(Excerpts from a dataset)
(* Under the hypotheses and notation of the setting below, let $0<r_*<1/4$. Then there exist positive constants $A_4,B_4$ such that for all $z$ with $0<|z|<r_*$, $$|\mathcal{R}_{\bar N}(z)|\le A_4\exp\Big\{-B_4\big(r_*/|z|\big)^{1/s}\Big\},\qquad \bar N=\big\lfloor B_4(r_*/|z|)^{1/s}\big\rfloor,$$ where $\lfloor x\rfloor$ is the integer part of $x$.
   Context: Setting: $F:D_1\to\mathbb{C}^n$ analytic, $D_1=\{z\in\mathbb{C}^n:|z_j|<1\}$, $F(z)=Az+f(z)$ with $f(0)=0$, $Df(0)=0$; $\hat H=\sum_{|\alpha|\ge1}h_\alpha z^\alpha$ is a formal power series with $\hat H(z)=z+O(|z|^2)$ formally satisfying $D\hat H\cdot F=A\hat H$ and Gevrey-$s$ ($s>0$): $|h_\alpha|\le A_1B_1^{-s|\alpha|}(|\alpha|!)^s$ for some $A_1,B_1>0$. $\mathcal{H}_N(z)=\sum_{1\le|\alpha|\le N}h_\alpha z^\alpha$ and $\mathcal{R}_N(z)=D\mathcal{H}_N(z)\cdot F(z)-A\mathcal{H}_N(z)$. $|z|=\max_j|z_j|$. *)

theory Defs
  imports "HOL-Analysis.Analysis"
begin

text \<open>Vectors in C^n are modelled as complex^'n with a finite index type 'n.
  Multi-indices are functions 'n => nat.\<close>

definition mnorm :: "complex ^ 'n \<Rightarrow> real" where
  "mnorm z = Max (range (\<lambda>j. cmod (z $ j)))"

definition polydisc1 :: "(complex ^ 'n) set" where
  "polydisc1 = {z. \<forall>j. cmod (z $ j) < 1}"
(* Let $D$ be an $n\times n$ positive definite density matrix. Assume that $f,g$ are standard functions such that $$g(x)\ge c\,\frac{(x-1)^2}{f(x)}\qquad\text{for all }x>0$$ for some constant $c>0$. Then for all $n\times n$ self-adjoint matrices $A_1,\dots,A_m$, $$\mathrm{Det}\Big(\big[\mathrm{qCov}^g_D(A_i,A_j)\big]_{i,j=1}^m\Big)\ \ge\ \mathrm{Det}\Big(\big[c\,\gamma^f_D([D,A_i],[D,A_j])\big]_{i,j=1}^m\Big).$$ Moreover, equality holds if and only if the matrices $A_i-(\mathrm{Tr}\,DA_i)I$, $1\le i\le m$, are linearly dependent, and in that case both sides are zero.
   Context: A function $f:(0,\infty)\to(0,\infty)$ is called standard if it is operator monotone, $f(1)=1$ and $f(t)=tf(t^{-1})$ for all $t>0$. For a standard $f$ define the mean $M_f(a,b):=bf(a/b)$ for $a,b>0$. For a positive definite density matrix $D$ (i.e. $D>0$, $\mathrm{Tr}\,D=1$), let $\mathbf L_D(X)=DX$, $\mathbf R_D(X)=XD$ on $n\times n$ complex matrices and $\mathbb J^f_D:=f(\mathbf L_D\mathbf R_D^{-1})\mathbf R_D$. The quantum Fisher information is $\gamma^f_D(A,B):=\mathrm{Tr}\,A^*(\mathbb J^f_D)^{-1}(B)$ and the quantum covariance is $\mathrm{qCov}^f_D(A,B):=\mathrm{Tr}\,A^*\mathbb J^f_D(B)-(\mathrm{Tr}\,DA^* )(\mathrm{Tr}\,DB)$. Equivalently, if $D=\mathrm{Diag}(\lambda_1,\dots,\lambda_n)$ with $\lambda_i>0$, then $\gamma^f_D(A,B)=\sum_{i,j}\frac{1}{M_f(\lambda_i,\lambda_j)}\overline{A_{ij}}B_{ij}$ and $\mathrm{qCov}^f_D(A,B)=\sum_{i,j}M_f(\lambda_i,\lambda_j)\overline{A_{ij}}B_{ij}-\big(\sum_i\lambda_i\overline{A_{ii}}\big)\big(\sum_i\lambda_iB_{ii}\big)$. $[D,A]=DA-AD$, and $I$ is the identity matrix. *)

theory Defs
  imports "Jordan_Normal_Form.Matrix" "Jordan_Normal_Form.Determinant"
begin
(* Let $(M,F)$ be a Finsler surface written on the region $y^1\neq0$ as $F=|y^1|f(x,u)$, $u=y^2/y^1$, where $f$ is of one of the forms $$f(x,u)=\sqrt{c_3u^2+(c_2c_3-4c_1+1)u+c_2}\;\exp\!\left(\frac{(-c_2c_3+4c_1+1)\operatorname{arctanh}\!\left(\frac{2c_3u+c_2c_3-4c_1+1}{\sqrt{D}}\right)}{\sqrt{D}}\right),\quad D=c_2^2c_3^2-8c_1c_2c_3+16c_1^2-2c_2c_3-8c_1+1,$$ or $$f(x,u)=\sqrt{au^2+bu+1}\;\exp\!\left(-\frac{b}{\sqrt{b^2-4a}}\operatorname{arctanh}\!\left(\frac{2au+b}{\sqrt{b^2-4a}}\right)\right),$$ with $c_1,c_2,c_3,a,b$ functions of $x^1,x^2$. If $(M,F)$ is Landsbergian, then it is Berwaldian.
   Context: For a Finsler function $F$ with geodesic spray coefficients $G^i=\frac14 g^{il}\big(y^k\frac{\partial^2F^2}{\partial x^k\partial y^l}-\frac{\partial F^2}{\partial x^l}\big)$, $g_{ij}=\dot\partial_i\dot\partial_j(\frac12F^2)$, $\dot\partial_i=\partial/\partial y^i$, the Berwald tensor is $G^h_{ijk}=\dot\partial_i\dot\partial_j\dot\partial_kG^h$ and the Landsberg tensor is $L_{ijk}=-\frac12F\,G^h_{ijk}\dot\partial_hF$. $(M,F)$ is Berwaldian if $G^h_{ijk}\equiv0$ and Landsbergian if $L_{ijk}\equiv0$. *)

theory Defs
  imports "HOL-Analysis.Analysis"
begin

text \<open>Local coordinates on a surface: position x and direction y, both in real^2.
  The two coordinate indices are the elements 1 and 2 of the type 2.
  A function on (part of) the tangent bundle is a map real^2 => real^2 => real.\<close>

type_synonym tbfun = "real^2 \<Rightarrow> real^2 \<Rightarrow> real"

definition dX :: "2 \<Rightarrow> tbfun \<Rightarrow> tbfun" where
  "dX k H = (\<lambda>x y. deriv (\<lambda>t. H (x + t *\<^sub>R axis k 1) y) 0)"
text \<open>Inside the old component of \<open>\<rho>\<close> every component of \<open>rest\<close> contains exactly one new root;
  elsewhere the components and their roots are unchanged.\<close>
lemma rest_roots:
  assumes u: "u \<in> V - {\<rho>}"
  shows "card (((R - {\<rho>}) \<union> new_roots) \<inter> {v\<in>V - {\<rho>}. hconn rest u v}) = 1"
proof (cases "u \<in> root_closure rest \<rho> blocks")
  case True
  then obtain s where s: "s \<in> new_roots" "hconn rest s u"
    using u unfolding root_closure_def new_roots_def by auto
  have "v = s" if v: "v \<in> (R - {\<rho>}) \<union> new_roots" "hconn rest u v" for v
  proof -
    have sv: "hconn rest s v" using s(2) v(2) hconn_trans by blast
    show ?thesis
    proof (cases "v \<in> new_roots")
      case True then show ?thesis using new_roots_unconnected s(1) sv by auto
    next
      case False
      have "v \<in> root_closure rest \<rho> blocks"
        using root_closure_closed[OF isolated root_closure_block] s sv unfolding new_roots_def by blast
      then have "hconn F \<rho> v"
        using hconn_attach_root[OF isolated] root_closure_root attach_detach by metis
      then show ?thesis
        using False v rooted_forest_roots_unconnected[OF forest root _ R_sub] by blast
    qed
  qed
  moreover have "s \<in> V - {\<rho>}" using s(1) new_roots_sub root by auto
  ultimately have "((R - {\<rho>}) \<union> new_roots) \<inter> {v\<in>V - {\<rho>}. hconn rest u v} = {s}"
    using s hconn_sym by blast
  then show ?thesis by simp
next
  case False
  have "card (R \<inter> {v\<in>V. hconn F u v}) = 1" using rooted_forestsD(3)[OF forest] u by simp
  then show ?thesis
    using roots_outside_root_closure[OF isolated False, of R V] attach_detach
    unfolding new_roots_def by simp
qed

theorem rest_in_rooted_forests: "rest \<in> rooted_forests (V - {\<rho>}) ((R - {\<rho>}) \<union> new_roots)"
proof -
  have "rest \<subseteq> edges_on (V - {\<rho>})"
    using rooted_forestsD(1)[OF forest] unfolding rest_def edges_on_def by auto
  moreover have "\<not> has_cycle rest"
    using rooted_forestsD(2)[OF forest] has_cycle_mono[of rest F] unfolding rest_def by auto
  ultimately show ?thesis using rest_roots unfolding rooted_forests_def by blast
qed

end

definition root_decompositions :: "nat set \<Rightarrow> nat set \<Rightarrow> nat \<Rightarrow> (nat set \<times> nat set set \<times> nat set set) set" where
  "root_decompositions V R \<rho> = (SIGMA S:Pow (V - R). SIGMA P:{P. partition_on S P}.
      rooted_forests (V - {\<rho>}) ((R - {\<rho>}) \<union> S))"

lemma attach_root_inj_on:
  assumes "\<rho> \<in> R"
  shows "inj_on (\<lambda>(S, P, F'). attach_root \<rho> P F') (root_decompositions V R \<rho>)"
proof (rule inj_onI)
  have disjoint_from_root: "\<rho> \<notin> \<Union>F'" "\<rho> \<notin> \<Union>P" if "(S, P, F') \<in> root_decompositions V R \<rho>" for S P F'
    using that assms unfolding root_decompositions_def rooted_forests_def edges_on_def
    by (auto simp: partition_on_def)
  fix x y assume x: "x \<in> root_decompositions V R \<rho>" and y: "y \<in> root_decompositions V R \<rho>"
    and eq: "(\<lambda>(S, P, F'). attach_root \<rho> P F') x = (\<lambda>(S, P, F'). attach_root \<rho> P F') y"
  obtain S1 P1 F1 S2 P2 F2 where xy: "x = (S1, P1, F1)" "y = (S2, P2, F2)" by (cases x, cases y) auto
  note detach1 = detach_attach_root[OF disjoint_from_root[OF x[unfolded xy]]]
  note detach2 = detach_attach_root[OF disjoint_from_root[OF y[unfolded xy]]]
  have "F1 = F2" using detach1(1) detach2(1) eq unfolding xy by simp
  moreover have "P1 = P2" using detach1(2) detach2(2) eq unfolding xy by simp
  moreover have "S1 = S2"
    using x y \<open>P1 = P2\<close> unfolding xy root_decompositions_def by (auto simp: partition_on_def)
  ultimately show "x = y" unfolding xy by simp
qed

# WORK INSTRUCTIONS
The answer must contain only the lines from the one with "note detach2 = detach_attach_root[OF" to the end of the entries above, each written out exactly.

# RESPONSE TO THIS EXERCISE
  note detach2 = detach_attach_root[OF disjoint_from_root[OF y[unfolded xy]]]
  have "F1 = F2" using detach1(1) detach2(1) eq unfolding xy by simp
  moreover have "P1 = P2" using detach1(2) detach2(2) eq unfolding xy by simp
  moreover have "S1 = S2"
    using x y \<open>P1 = P2\<close> unfolding xy root_decompositions_def by (auto simp: partition_on_def)
  ultimately show "x = y" unfolding xy by simp
qed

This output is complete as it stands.